**Work instruction:**
Copy exactly the stretch of data below from the line with "p. orthonormal_eigenbasis A" through the line with "k = (d i \<cdot>\<^sub>v", including both of those lines.

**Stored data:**
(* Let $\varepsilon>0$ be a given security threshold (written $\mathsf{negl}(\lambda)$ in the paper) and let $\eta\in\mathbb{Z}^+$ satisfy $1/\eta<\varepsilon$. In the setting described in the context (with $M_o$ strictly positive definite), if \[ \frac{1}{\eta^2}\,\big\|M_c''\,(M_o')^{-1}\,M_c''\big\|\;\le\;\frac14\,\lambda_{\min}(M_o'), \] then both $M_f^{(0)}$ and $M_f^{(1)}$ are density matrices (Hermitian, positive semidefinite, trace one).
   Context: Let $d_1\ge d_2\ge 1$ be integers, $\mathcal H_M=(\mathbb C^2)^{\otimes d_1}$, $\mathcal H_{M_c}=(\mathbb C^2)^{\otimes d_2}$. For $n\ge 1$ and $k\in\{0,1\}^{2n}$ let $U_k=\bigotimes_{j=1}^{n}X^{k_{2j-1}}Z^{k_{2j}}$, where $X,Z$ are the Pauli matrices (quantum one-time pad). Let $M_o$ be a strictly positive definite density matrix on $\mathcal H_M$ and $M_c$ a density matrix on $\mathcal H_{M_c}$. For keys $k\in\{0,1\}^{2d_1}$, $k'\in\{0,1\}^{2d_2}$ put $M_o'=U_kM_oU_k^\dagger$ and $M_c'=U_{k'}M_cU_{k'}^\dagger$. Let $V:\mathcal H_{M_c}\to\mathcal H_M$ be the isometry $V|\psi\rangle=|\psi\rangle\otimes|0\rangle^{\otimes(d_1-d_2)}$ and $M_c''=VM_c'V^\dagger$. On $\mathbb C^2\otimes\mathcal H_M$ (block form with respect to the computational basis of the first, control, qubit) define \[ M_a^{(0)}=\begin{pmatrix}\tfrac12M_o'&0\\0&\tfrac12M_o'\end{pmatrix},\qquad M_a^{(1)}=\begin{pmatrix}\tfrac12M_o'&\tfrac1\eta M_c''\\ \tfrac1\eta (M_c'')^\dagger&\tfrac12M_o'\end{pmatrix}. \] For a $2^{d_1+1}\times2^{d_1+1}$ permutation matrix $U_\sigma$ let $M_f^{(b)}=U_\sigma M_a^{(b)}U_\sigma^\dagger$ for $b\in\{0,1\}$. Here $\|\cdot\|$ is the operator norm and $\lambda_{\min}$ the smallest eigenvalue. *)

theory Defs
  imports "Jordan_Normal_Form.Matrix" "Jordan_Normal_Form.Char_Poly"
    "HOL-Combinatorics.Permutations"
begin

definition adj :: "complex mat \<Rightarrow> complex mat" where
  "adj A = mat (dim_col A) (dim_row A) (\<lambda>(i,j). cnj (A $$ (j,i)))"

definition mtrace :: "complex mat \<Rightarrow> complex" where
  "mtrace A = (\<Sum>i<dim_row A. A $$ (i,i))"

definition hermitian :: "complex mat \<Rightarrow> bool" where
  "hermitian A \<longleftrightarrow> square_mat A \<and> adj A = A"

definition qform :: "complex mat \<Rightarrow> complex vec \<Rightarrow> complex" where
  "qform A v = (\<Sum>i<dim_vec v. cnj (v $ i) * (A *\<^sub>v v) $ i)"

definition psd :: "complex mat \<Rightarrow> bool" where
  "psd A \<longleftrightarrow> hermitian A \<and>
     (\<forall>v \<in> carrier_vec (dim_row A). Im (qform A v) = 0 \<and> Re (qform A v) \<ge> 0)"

--

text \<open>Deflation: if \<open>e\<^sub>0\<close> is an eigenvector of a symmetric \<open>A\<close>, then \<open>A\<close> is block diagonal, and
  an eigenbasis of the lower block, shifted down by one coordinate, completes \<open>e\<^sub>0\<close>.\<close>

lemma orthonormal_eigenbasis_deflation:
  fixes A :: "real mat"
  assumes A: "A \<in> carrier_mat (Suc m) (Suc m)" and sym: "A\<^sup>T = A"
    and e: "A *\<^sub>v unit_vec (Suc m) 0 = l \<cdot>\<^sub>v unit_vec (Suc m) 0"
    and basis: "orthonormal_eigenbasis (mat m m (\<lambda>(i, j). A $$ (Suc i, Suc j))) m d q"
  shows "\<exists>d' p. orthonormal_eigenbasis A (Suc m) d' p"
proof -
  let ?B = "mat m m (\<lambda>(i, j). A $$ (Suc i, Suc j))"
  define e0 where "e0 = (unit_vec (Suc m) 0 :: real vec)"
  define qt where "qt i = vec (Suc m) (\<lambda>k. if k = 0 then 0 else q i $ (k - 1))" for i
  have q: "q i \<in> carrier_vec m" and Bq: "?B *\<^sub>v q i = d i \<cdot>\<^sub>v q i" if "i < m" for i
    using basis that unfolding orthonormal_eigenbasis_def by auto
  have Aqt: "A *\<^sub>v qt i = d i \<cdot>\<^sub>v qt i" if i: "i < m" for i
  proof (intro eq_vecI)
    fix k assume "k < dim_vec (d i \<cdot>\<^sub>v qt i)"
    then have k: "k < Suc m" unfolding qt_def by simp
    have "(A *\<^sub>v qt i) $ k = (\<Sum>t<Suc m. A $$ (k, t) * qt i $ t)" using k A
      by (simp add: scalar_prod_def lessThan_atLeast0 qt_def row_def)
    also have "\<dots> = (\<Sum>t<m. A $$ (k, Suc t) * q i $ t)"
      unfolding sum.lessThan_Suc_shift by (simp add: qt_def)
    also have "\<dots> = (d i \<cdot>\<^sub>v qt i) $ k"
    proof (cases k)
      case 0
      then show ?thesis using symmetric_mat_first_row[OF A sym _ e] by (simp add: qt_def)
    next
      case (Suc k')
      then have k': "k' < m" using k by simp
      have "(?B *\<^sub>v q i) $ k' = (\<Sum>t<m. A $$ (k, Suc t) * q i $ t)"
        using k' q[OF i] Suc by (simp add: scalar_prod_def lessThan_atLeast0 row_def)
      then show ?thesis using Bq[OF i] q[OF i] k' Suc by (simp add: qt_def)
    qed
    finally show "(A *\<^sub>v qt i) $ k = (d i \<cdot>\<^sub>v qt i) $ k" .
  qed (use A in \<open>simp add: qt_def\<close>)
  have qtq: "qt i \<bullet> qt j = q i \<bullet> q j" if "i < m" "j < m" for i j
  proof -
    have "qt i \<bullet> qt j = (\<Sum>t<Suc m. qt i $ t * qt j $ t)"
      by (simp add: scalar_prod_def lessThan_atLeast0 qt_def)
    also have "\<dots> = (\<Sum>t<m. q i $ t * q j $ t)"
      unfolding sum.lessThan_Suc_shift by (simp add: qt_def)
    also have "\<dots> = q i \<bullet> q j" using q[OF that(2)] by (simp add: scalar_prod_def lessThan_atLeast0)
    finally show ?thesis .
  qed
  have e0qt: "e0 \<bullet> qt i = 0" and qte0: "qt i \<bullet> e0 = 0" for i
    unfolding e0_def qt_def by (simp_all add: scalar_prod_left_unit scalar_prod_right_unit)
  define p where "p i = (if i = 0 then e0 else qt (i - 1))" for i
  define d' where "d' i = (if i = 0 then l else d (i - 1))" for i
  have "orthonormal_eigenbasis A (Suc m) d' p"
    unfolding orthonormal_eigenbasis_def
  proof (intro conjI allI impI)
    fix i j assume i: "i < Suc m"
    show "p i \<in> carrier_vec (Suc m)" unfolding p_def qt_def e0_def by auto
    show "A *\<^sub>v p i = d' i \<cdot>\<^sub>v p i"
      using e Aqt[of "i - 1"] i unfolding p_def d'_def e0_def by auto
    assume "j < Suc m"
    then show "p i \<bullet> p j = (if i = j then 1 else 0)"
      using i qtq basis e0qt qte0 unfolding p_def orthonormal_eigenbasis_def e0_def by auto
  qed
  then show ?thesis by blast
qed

==

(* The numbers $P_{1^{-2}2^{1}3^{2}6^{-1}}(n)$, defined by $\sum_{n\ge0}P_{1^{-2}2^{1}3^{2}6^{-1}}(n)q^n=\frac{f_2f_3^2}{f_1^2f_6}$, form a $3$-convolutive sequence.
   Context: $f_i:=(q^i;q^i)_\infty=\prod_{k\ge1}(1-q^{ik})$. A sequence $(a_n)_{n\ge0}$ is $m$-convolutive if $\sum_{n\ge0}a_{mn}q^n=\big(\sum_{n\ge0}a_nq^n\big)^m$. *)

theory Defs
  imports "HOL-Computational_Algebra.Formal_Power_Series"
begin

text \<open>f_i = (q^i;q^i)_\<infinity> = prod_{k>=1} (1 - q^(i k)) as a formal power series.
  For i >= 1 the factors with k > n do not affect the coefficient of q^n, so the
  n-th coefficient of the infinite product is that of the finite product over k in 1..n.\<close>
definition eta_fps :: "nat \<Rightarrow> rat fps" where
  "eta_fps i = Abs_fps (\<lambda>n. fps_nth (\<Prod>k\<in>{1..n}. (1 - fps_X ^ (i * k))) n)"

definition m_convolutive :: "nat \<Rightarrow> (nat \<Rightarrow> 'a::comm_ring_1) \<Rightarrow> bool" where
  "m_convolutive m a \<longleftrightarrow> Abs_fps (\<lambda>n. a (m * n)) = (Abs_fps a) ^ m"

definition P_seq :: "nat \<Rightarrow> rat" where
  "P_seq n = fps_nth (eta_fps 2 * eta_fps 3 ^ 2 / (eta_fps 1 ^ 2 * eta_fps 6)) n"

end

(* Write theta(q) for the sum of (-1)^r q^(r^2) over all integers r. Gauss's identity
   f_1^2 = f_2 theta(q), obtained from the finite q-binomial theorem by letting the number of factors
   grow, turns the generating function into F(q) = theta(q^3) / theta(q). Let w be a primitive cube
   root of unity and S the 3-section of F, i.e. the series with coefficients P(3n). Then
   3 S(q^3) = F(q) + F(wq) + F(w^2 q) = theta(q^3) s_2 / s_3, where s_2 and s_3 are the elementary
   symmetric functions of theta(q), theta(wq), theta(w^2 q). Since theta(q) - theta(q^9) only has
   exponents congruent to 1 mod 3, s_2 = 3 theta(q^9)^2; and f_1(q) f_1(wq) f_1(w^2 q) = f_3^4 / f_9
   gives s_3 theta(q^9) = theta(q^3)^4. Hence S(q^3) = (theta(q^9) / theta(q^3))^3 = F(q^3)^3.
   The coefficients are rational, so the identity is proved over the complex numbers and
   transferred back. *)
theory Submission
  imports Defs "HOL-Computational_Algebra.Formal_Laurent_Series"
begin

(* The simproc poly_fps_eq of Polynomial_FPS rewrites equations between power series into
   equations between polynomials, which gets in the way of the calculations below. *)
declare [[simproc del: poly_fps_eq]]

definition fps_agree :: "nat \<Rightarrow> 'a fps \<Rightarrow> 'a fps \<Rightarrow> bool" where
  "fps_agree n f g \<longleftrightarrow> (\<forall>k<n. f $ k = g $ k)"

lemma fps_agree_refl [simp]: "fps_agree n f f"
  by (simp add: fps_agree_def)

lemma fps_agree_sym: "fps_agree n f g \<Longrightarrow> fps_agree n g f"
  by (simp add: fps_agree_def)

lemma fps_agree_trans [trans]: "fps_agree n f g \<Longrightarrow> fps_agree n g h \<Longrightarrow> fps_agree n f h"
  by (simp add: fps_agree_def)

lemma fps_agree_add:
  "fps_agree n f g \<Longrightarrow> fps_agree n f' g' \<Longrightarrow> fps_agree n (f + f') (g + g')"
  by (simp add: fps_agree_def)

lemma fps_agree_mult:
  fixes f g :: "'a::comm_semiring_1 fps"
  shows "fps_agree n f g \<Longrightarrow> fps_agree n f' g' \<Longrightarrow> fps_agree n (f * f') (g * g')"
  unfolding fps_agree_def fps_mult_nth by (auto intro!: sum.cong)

**Task solution:**
  shows "\<exists>d' p. orthonormal_eigenbasis A (Suc m) d' p"
proof -
  let ?B = "mat m m (\<lambda>(i, j). A $$ (Suc i, Suc j))"
  define e0 where "e0 = (unit_vec (Suc m) 0 :: real vec)"
  define qt where "qt i = vec (Suc m) (\<lambda>k. if k = 0 then 0 else q i $ (k - 1))" for i
  have q: "q i \<in> carrier_vec m" and Bq: "?B *\<^sub>v q i = d i \<cdot>\<^sub>v q i" if "i < m" for i
    using basis that unfolding orthonormal_eigenbasis_def by auto
  have Aqt: "A *\<^sub>v qt i = d i \<cdot>\<^sub>v qt i" if i: "i < m" for i
  proof (intro eq_vecI)
    fix k assume "k < dim_vec (d i \<cdot>\<^sub>v qt i)"
    then have k: "k < Suc m" unfolding qt_def by simp
    have "(A *\<^sub>v qt i) $ k = (\<Sum>t<Suc m. A $$ (k, t) * qt i $ t)" using k A
      by (simp add: scalar_prod_def lessThan_atLeast0 qt_def row_def)
    also have "\<dots> = (\<Sum>t<m. A $$ (k, Suc t) * q i $ t)"
      unfolding sum.lessThan_Suc_shift by (simp add: qt_def)
    also have "\<dots> = (d i \<cdot>\<^sub>v qt i) $ k"
    proof (cases k)
      case 0
      then show ?thesis using symmetric_mat_first_row[OF A sym _ e] by (simp add: qt_def)
    next
      case (Suc k')
      then have k': "k' < m" using k by simp
      have "(?B *\<^sub>v q i) $ k' = (\<Sum>t<m. A $$ (k, Suc t) * q i $ t)"
        using k' q[OF i] Suc by (simp add: scalar_prod_def lessThan_atLeast0 row_def)
      then show ?thesis using Bq[OF i] q[OF i] k' Suc by (simp add: qt_def)
    qed
    finally show "(A *\<^sub>v qt i) $ k = (d i \<cdot>\<^sub>v qt i) $ k" .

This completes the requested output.